There are many stone slabs with poems and songs from past students of the University throughout the garden and in particular in the sections Retiro dos Poetas (Poets' Retreat) and the Sala dos Cursos (Courses Room). One of these poems is by Fausto Guedes Teixeira, and it describes the nostalgic beauty of the location.

In addition to these features, the garden hosts several sculptures and busts of prominent Portuguese literary and cultural figures. A notable landmark is the statue of the pedagogue and poet João de Deus, created by sculptor Jorge Coelho. This statue was commissioned by the Associação dos Jardins-Escola João de Deus and inaugurated on May 11, 1996, as part of the centenary commemorations of João de Deus's death.

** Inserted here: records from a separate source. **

lemma kg_h_nonneg:
  assumes "nz > 0"
  shows "0 \<le> kg_h mu k s nz xstar x"
proof -
  have "{..<nz} \<noteq> {}" using assms by auto
  from integral_std_normal_Max_affine_ge[OF finite_lessThan this, of "\<lambda>j. mu (xstar j)"
      "\<lambda>j. sigt k s (xstar j) x"]
  show ?thesis unfolding kg_h_def by linarith
qed

lemma kg_h_le:
  assumes "nz > 0" and "\<forall>j<nz. \<bar>sigt k s (xstar j) x\<bar> \<le> e"
  shows "kg_h mu k s nz xstar x \<le> e * sqrt (2 / pi)"
proof -
  have "{..<nz} \<noteq> {}" using assms(1) by auto
  from integral_std_normal_Max_affine_le[OF finite_lessThan this, of "\<lambda>j. sigt k s (xstar j) x" e
      "\<lambda>j. mu (xstar j)"] assms(2)
  show ?thesis unfolding kg_h_def by simp
qed

lemma continuous_kernel_diag_bounded:
  fixes k :: "'a::topological_space \<Rightarrow> 'a \<Rightarrow> real"
  assumes "compact X" and "continuous_on (X \<times> X) (\<lambda>(a, b). k a b)"
  obtains B where "\<And>a. a \<in> X \<Longrightarrow> k a a \<le> B"
proof -
  have "continuous_on X (\<lambda>a. k a a)"
    using continuous_on_compose[OF continuous_on_Pair[OF continuous_on_id continuous_on_id]
        continuous_on_subset[OF assms(2)]]
    by (auto simp: o_def)
  then have "bounded ((\<lambda>a. k a a) ` X)"
    by (intro compact_imp_bounded compact_continuous_image assms(1))
  then obtain B where "\<forall>a\<in>X. \<bar>k a a\<bar> \<le> B" by (auto simp: bounded_real)
  then show ?thesis using that abs_le_D1 by blast
qed

theorem theorem3:
  fixes X :: "'a::metric_space set" and k0 :: "'a \<Rightarrow> 'a \<Rightarrow> real" and m0 :: "'a \<Rightarrow> real"
    and s :: real and xs :: "nat \<Rightarrow> 'a" and ys :: "nat \<Rightarrow> real"
    and Zs :: "nat \<Rightarrow> real" and nz :: nat
  assumes X: "compact X"
    and k0_cont: "continuous_on (X \<times> X) (\<lambda>(a, b). k0 a b)"
    and k0_pos: "pos_kernel X k0"
    and noise: "s > 0"
    and xs_X: "\<forall>n. xs n \<in> X"
    and nz: "nz \<ge> 2"
    and zero: "0 \<in> Zs ` {..<nz}"
  shows "(\<forall>n. \<forall>x\<in>X. \<forall>xstar.
            (\<forall>j<nz. is_kg_argmax X (post_mean m0 k0 s xs ys n) (post_cov k0 s xs n) s x (Zs j) (xstar j))
            \<longrightarrow> kg_h (post_mean m0 k0 s xs ys n) (post_cov k0 s xs n) s nz xstar x \<ge> 0)
       \<and> (\<forall>x\<in>X. \<forall>xstar :: nat \<Rightarrow> nat \<Rightarrow> 'a.
            infinite {n. xs n = x}
            \<longrightarrow> (\<forall>n. \<forall>j<nz. is_kg_argmax X (post_mean m0 k0 s xs ys n) (post_cov k0 s xs n) s x (Zs j) (xstar n j))
            \<longrightarrow> (\<lambda>n. kg_h (post_mean m0 k0 s xs ys n) (post_cov k0 s xs n) s nz (xstar n) x) \<longlonglongrightarrow> 0)"
proof (intro conjI allI ballI impI)
  fix n x xstar
  show "kg_h (post_mean m0 k0 s xs ys n) (post_cov k0 s xs n) s nz xstar x \<ge> 0"
    using nz by (intro kg_h_nonneg) simp
next
  fix x and xstar :: "nat \<Rightarrow> nat \<Rightarrow> 'a"
  assume x: "x \<in> X" and sampled: "infinite {n. xs n = x}"
    and argmax: "\<forall>n. \<forall>j<nz. is_kg_argmax X (post_mean m0 k0 s xs ys n) (post_cov k0 s xs n) s x
      (Zs j) (xstar n j)"
  obtain B where B: "\<And>a. a \<in> X \<Longrightarrow> k0 a a \<le> B"
    using continuous_kernel_diag_bounded[OF X k0_cont] by blast
  define e where "e n = sqrt B * sqrt (post_cov k0 s xs n x x) / sqrt s" for n
  have upper: "kg_h (post_mean m0 k0 s xs ys n) (post_cov k0 s xs n) s nz (xstar n) x
      \<le> e n * sqrt (2 / pi)" for n
  proof (rule kg_h_le)
    show "\<forall>j<nz. \<bar>sigt (post_cov k0 s xs n) s (xstar n j) x\<bar> \<le> e n"
    proof (intro allI impI)
      fix j assume "j < nz"
      then have a: "xstar n j \<in> X" using argmax unfolding is_kg_argmax_def by blast
      have "\<bar>sigt (post_cov k0 s xs n) s (xstar n j) x\<bar>
          \<le> sqrt (post_cov k0 s xs n (xstar n j) (xstar n j)) * sqrt (post_cov k0 s xs n x x) / sqrt s"
        by (rule abs_sigt_le[OF pos_kernel_post_cov[OF k0_pos noise xs_X] noise a x])
      also have "\<dots> \<le> e n"
        unfolding e_def
        using order_trans[OF post_cov_diag_le_prior[OF k0_pos noise xs_X a] B[OF a]]
          pos_kernel_diag_nonneg[OF pos_kernel_post_cov[OF k0_pos noise xs_X] x] noise
        by (intro divide_right_mono mult_right_mono) auto
      finally show "\<bar>sigt (post_cov k0 s xs n) s (xstar n j) x\<bar> \<le> e n" .
    qed
  qed (use nz in simp)
  have lower: "0 \<le> kg_h (post_mean m0 k0 s xs ys n) (post_cov k0 s xs n) s nz (xstar n) x" for n
    using nz by (intro kg_h_nonneg) simp
  have limit: "(\<lambda>n. e n * sqrt (2 / pi)) \<longlonglongrightarrow> 0"
  proof -
    have "(\<lambda>n. e n * sqrt (2 / pi)) \<longlonglongrightarrow> sqrt B * sqrt 0 / sqrt s * sqrt (2 / pi)"
      unfolding e_def using noise
      by (intro tendsto_intros post_cov_diag_tendsto_zero[OF k0_pos noise xs_X x sampled]) simp
    then show ?thesis by simp
  qed
  show "(\<lambda>n. kg_h (post_mean m0 k0 s xs ys n) (post_cov k0 s xs n) s nz (xstar n) x)
      \<longlonglongrightarrow> 0"
    by (rule tendsto_sandwich[OF _ _ tendsto_const limit]; intro always_eventually allI lower upper)
qed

Another important monument in the garden is the bust of the renowned writer Eça de Queirós. The sculpture was commissioned by the Coimbra City Council and created by sculptor Francisco Simões. It was unveiled on September 8, 2000, coinciding with the International Congress of Queirosian Studies, which marked the centenary of the writer's death.

The garden also features a bust of the poet António Nobre inaugurated on October 30, 1939, as an initiative of the Coimbra City Council. Originally sculpted by Tomás Costa, the bust was stolen in 1942 but later recovered and reinstalled, before being stolen again in 1991. The current bust is a replica of a similar bust of the same author, which can also be found in the Jardim da Cordoaria in Porto.